** Opening Input for this task block **

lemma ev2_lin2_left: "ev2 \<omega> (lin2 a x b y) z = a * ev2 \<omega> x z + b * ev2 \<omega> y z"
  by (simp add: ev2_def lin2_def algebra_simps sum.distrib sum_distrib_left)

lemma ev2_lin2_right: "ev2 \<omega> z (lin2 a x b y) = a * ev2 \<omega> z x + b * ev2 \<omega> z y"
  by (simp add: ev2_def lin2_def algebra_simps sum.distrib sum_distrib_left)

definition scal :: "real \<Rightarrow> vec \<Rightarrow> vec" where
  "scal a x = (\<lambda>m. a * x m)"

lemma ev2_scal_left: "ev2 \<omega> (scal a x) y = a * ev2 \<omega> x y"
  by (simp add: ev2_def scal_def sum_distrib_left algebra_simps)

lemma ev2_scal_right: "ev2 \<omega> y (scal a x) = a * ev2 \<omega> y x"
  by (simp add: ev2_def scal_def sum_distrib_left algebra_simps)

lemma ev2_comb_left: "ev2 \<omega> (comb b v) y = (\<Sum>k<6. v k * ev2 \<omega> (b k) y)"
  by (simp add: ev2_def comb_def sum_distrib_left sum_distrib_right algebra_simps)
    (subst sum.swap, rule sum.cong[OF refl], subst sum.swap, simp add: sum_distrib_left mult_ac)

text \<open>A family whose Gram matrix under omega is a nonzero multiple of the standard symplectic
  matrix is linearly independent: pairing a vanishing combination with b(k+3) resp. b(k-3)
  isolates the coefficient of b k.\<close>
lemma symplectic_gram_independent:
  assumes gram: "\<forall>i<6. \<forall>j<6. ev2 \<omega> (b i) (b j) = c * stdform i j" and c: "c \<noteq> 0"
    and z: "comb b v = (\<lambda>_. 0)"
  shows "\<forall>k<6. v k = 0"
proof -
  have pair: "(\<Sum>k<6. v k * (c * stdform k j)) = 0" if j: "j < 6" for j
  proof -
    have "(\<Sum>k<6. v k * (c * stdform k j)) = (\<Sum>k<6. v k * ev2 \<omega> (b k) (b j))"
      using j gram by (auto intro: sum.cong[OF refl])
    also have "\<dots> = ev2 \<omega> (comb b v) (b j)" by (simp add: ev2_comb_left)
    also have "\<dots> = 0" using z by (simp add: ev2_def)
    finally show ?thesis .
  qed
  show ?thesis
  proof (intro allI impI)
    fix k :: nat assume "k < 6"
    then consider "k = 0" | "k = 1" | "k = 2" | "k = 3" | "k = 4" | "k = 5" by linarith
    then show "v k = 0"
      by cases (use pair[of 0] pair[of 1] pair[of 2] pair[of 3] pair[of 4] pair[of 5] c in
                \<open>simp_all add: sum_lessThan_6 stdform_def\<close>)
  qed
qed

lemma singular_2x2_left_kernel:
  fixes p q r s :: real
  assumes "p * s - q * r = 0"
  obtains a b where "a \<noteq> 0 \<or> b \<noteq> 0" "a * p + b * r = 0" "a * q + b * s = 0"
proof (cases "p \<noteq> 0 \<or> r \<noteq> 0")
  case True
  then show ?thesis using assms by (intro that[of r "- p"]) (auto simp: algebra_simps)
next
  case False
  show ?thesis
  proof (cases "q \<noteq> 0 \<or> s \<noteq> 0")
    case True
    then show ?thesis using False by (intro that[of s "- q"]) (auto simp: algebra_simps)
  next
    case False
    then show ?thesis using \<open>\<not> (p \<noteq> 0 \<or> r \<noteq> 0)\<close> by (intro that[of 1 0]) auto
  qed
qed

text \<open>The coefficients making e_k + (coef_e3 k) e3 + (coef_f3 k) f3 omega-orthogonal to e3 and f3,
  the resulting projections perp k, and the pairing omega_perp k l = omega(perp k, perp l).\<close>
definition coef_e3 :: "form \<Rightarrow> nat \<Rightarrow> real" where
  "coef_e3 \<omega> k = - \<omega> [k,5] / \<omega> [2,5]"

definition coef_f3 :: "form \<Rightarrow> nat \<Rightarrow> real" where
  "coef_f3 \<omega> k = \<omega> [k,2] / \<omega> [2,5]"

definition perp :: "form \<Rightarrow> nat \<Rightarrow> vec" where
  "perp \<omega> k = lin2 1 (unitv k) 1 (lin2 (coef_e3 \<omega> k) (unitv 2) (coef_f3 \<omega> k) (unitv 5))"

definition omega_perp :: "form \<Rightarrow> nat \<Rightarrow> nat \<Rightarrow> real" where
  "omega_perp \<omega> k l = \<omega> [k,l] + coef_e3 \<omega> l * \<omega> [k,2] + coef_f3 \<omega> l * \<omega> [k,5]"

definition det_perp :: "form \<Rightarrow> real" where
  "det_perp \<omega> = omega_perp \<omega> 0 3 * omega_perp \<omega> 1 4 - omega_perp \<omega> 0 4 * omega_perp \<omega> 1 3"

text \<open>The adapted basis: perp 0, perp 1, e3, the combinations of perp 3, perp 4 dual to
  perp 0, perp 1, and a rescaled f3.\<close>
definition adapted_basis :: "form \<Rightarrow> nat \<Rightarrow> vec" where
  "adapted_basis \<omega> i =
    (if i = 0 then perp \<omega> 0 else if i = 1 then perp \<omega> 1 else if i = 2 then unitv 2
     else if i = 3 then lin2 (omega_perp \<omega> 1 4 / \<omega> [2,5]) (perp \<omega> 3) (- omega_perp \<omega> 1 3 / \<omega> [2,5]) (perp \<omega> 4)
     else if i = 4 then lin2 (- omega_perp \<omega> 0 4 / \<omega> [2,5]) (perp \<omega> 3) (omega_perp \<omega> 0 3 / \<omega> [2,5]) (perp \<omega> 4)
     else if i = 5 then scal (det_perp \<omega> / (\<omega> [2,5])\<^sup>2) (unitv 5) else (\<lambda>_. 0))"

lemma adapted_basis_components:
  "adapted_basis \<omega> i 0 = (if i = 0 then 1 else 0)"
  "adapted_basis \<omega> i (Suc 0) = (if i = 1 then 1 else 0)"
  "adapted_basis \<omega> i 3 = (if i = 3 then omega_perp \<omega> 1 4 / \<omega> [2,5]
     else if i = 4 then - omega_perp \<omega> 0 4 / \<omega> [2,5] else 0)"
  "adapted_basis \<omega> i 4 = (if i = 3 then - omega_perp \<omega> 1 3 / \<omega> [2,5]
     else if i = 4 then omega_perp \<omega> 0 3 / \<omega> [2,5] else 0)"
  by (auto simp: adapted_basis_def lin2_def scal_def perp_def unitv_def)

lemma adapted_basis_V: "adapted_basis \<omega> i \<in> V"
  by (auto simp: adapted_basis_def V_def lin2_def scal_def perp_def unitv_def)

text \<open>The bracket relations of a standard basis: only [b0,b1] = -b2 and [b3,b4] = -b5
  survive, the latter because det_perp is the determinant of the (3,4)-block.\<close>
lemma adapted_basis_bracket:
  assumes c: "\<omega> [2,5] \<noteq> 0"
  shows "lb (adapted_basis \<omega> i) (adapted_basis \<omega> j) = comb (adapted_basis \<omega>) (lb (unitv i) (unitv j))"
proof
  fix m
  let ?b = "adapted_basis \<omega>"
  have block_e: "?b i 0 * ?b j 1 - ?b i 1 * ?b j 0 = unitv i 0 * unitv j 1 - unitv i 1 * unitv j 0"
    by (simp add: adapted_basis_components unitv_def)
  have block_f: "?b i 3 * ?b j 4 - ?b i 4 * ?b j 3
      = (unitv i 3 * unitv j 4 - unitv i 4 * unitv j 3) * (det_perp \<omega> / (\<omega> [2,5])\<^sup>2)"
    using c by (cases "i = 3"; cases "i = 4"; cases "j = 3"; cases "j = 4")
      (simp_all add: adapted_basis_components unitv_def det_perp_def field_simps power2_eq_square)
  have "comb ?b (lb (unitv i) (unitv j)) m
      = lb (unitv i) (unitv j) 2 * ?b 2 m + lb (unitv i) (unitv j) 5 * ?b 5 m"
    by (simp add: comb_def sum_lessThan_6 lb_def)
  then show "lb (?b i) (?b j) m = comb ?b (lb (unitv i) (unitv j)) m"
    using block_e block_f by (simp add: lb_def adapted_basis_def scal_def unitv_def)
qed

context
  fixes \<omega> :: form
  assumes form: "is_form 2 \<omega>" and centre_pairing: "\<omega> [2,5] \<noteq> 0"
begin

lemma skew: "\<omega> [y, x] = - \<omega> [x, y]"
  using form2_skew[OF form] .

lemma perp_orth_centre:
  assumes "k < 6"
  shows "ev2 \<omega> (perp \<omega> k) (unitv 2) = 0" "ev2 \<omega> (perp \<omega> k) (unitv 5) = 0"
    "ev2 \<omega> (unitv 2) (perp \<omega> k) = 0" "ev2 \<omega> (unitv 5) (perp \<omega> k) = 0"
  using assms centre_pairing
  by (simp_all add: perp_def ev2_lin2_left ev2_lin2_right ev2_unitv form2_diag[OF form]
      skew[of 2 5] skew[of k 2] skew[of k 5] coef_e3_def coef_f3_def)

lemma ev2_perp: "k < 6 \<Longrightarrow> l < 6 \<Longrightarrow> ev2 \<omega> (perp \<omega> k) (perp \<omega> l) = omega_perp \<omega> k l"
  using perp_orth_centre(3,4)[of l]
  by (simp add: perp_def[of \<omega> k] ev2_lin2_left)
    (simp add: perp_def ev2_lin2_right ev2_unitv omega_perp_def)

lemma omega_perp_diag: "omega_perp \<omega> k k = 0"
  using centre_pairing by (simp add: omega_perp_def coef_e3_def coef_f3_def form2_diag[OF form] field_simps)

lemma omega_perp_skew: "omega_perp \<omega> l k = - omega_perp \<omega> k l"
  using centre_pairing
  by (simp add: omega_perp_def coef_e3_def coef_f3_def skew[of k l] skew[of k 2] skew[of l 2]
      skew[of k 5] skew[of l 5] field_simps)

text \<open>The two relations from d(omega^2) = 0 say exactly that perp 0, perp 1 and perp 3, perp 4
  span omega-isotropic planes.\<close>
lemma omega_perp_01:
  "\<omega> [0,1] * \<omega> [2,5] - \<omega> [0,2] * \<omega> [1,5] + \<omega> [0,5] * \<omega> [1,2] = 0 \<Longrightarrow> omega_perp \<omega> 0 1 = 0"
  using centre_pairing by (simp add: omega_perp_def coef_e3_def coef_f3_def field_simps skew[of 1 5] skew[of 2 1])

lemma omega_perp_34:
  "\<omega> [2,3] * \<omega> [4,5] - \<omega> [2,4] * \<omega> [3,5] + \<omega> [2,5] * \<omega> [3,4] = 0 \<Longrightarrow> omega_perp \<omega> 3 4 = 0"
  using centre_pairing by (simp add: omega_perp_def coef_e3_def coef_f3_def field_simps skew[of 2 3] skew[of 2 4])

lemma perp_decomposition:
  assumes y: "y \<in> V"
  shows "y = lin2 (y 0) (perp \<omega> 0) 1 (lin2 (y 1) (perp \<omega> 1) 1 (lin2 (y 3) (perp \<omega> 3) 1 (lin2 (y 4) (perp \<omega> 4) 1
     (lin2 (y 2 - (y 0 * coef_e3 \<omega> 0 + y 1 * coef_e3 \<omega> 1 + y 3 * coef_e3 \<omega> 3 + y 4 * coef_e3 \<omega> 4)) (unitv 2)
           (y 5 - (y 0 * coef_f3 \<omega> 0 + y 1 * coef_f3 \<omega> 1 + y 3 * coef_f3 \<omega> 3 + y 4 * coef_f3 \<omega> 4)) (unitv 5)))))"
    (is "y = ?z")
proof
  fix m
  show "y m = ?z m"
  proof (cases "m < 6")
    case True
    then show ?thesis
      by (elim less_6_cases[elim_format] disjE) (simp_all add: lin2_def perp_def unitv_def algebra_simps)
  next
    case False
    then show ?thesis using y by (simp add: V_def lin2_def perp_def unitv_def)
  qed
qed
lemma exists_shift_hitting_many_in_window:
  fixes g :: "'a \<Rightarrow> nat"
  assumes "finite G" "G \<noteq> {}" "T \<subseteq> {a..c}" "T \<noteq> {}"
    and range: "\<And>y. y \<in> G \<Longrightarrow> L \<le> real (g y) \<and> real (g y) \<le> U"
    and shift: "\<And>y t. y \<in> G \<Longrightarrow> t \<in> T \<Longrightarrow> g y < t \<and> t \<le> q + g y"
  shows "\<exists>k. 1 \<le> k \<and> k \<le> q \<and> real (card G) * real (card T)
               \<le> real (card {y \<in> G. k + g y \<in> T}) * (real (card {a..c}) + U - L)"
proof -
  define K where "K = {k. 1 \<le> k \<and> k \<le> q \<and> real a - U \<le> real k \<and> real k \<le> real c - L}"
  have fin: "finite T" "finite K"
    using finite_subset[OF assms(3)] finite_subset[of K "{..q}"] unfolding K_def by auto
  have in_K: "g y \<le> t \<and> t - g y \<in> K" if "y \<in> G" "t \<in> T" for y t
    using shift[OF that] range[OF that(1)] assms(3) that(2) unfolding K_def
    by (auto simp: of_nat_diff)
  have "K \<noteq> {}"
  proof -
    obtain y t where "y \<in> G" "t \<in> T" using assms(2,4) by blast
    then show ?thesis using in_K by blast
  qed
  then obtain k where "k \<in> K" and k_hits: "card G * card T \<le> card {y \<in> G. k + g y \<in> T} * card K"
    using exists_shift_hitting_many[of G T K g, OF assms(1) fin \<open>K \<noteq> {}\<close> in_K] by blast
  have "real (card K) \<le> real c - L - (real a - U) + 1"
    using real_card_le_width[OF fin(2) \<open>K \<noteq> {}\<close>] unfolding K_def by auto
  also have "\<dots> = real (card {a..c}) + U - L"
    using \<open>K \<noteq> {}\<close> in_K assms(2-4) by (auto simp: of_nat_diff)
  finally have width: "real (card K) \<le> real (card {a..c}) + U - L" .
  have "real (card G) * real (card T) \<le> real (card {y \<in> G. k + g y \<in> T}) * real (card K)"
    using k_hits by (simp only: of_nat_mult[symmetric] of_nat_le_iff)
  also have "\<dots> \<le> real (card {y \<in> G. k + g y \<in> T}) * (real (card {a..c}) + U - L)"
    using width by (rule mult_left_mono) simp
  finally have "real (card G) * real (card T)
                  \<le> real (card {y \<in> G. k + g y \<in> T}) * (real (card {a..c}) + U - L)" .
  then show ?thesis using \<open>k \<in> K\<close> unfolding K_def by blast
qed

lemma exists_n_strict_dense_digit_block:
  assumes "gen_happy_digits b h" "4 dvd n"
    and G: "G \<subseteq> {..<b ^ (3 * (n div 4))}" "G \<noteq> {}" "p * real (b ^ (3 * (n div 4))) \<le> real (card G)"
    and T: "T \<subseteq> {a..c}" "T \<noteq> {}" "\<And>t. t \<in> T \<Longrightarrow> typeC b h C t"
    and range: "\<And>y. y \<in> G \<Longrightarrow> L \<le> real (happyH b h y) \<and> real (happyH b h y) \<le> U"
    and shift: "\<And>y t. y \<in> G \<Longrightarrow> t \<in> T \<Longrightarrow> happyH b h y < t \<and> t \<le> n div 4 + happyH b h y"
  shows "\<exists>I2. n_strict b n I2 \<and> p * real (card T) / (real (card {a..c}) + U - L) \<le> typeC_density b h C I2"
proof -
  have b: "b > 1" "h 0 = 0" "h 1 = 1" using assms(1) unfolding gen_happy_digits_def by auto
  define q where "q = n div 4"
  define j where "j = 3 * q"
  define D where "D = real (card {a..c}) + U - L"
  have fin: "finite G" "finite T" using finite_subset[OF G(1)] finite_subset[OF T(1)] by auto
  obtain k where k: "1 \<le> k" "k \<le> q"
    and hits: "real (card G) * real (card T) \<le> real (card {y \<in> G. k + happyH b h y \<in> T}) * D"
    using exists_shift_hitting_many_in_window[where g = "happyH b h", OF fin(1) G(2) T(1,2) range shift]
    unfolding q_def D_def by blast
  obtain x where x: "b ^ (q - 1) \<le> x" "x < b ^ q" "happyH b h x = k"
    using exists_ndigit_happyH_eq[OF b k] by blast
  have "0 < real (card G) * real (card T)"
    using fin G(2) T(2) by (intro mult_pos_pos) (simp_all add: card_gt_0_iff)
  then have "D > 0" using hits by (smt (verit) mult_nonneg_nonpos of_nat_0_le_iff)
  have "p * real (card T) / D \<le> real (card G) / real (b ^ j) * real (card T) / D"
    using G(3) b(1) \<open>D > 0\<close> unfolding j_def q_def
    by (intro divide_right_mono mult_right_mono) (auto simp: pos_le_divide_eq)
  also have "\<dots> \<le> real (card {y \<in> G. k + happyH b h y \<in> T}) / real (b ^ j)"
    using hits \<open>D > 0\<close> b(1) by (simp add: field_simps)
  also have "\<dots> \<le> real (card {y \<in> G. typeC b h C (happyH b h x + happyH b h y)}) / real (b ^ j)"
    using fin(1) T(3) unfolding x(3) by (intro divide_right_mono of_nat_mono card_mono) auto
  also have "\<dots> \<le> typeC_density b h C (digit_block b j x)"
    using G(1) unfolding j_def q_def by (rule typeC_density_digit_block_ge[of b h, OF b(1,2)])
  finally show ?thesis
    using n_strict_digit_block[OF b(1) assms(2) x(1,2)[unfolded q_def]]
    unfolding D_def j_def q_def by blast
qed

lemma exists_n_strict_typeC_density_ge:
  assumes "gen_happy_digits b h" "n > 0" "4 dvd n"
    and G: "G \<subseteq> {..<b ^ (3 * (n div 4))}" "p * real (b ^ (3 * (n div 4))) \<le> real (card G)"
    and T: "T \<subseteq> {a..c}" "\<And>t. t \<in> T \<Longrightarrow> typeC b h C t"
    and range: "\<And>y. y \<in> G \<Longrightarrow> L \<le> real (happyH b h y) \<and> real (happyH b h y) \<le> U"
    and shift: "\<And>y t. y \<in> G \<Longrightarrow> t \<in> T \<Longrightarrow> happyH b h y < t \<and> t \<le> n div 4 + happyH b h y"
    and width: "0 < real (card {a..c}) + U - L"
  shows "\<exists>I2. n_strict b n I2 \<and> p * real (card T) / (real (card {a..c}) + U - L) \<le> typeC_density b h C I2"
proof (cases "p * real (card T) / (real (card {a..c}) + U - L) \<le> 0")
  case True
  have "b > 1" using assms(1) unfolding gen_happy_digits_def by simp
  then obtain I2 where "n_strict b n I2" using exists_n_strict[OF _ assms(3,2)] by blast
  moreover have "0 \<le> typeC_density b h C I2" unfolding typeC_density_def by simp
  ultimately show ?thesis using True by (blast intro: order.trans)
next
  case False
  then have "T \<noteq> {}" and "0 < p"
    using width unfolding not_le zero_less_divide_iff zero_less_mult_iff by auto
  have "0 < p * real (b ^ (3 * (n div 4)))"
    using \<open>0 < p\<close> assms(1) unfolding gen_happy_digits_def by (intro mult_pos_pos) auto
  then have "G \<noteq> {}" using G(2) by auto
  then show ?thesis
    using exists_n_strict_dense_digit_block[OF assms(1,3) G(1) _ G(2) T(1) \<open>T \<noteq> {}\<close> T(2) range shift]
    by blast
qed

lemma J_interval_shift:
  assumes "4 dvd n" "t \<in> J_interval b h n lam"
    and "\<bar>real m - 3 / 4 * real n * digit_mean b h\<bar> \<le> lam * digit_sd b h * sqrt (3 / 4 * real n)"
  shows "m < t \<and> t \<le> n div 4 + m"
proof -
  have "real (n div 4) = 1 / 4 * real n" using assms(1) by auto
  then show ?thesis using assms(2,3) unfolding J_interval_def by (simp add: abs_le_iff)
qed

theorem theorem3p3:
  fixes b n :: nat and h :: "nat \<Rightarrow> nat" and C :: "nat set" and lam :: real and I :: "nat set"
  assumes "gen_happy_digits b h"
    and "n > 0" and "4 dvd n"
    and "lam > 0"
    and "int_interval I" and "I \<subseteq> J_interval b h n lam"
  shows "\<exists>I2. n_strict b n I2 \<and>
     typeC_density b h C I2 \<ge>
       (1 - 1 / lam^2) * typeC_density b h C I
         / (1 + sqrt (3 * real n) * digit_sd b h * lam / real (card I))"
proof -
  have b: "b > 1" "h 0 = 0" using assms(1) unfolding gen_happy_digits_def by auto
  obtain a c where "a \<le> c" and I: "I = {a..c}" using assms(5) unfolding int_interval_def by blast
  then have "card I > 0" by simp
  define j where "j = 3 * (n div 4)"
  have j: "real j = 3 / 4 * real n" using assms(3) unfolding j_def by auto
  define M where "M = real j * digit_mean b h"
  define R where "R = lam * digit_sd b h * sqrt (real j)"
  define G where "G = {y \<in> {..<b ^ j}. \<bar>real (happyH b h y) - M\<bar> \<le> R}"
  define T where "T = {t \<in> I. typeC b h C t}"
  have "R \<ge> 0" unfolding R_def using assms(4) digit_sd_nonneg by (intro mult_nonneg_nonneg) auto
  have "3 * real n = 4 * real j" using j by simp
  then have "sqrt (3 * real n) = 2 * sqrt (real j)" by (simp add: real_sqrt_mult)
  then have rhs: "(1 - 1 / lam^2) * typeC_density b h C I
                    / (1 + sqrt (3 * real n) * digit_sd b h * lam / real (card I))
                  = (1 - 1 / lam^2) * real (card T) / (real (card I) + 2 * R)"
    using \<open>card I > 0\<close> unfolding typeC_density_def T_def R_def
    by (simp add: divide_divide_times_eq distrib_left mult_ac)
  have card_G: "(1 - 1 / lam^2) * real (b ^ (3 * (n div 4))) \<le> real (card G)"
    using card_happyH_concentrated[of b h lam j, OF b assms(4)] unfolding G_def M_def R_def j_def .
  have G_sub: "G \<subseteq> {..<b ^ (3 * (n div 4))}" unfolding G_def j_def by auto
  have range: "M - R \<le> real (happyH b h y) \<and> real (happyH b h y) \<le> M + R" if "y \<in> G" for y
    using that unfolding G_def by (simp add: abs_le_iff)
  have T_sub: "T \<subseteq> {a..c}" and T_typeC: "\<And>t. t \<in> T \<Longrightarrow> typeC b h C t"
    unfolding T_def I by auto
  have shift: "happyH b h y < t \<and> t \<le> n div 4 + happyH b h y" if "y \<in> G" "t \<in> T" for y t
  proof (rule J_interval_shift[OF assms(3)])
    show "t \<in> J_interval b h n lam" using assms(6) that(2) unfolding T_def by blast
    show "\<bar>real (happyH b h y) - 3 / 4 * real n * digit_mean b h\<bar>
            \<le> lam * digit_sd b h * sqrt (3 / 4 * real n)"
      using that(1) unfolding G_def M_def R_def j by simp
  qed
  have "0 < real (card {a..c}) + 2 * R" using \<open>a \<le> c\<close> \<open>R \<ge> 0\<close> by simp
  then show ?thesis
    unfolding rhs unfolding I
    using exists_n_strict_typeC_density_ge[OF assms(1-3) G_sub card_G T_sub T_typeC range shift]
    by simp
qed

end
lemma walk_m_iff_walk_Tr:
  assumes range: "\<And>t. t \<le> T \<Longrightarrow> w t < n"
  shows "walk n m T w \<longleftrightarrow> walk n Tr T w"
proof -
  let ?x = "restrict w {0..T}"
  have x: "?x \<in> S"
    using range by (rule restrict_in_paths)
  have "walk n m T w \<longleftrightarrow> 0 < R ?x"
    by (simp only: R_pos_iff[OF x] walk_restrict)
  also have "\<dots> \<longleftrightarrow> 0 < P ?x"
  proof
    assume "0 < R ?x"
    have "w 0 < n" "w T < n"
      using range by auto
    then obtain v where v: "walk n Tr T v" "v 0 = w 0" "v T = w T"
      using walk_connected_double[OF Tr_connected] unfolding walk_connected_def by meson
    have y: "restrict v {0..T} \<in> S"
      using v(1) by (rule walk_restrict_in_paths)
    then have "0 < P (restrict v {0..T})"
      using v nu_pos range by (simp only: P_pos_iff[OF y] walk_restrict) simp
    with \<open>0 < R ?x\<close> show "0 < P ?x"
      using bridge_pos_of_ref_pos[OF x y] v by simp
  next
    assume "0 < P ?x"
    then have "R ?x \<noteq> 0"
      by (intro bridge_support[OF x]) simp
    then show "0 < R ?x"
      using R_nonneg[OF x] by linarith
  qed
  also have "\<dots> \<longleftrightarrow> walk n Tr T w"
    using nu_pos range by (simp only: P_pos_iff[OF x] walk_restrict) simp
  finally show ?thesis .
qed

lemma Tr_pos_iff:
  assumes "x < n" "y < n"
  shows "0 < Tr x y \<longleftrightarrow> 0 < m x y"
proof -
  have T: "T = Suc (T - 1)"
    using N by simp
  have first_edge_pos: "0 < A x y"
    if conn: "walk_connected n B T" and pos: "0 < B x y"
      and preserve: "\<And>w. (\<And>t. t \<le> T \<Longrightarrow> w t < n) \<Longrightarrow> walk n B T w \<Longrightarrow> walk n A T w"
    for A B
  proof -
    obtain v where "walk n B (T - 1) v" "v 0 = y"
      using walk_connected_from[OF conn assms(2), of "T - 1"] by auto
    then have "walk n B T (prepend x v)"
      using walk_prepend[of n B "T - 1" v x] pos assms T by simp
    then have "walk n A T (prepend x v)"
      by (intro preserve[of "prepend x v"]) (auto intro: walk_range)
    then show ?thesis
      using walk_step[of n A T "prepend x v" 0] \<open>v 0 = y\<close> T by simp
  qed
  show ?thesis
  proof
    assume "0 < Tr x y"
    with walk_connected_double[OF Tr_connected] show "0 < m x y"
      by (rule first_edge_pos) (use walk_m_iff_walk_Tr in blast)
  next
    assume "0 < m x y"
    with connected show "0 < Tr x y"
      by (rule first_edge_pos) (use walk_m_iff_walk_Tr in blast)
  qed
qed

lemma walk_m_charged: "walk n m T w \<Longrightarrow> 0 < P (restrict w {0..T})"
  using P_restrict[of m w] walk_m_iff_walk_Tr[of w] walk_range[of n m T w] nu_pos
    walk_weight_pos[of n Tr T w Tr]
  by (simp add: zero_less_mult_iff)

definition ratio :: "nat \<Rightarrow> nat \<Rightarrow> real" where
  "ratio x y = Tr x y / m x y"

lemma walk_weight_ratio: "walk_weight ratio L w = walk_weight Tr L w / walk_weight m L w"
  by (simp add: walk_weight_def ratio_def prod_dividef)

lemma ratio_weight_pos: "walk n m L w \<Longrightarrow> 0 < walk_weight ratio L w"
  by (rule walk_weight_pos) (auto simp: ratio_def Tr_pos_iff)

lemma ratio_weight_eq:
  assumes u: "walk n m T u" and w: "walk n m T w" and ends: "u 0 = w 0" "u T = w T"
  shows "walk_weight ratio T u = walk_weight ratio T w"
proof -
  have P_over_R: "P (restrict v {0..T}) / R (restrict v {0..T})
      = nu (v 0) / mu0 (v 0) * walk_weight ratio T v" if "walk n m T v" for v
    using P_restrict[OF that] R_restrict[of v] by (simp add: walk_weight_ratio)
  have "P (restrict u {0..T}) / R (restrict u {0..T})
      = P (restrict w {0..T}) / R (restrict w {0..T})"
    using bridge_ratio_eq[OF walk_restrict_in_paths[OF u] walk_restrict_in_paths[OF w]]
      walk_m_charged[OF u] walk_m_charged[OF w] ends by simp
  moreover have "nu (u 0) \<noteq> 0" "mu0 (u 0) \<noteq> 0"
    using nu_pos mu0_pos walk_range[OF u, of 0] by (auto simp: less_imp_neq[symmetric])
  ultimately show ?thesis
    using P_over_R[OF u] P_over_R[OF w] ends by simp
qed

** Closing Input for this task block **

Task prompt — Reproduce every line in the data that has the word "lambda" in it.

Exercise result —
  "scal a x = (\<lambda>m. a * x m)"
    and z: "comb b v = (\<lambda>_. 0)"
     else if i = 5 then scal (det_perp \<omega> / (\<omega> [2,5])\<^sup>2) (unitv 5) else (\<lambda>_. 0))"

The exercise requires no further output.